** RECORDS SUPPLIED follows **
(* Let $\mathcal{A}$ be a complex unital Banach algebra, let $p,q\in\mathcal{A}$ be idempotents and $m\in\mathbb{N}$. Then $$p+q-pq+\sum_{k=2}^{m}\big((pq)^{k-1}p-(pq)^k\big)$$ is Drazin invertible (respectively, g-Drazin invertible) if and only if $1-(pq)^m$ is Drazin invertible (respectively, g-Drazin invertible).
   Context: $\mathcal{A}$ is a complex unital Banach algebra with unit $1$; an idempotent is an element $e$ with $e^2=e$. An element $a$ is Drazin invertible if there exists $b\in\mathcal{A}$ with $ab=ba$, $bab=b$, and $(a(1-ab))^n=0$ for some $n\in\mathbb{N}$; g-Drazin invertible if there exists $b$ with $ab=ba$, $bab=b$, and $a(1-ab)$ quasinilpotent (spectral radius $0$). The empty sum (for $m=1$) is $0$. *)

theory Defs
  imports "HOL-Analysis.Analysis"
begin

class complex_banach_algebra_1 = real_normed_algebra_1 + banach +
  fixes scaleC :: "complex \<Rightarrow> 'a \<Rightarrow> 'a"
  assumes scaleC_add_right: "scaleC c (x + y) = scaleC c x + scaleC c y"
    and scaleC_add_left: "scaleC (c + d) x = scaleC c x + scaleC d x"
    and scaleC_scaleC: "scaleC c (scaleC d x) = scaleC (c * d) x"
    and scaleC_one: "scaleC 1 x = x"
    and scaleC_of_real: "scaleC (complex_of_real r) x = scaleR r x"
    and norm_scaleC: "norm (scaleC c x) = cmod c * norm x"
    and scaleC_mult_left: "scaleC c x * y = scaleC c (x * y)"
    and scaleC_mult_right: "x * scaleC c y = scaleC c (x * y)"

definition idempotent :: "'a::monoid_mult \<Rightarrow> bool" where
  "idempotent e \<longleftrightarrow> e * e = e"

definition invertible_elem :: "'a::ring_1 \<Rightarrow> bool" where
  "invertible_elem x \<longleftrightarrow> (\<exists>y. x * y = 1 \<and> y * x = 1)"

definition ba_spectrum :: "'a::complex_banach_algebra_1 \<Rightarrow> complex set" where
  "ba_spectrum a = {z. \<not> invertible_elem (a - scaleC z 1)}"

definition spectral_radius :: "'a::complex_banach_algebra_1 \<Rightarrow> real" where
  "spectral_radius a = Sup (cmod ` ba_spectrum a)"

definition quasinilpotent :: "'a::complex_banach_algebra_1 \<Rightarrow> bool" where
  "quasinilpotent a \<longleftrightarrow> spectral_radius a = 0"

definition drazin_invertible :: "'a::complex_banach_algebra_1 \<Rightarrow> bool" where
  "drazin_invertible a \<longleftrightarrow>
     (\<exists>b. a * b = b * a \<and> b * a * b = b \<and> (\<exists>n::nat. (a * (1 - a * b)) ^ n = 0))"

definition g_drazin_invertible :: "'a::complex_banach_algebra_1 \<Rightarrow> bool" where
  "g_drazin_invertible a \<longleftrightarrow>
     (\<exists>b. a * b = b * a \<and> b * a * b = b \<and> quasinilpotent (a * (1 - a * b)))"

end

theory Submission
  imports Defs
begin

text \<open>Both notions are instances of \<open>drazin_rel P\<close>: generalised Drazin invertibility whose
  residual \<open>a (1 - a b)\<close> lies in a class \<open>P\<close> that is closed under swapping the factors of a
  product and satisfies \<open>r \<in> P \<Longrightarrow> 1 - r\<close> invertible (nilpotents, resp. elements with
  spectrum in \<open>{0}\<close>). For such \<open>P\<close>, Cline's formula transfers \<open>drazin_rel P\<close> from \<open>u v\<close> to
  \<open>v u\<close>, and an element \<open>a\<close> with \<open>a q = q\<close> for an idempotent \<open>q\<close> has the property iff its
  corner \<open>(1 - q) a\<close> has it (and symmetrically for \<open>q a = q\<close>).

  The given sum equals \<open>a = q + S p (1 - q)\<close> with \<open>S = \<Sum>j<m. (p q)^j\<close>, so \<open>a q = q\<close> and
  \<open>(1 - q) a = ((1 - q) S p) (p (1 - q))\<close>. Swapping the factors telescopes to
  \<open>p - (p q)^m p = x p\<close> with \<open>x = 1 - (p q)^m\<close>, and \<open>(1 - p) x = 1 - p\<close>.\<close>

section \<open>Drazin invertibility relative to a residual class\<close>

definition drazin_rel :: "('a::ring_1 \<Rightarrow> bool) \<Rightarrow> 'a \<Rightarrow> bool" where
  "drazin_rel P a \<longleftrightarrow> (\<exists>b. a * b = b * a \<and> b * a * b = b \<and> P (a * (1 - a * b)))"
** End of RECORDS SUPPLIED **
* **EXERCISE OBJECTIVE**
Gather each line in the data that holds the string "factors".

* **RESPONSE TO THE EXERCISE**
  residual \<open>a (1 - a b)\<close> lies in a class \<open>P\<close> that is closed under swapping the factors of a
  \<open>(1 - q) a = ((1 - q) S p) (p (1 - q))\<close>. Swapping the factors telescopes to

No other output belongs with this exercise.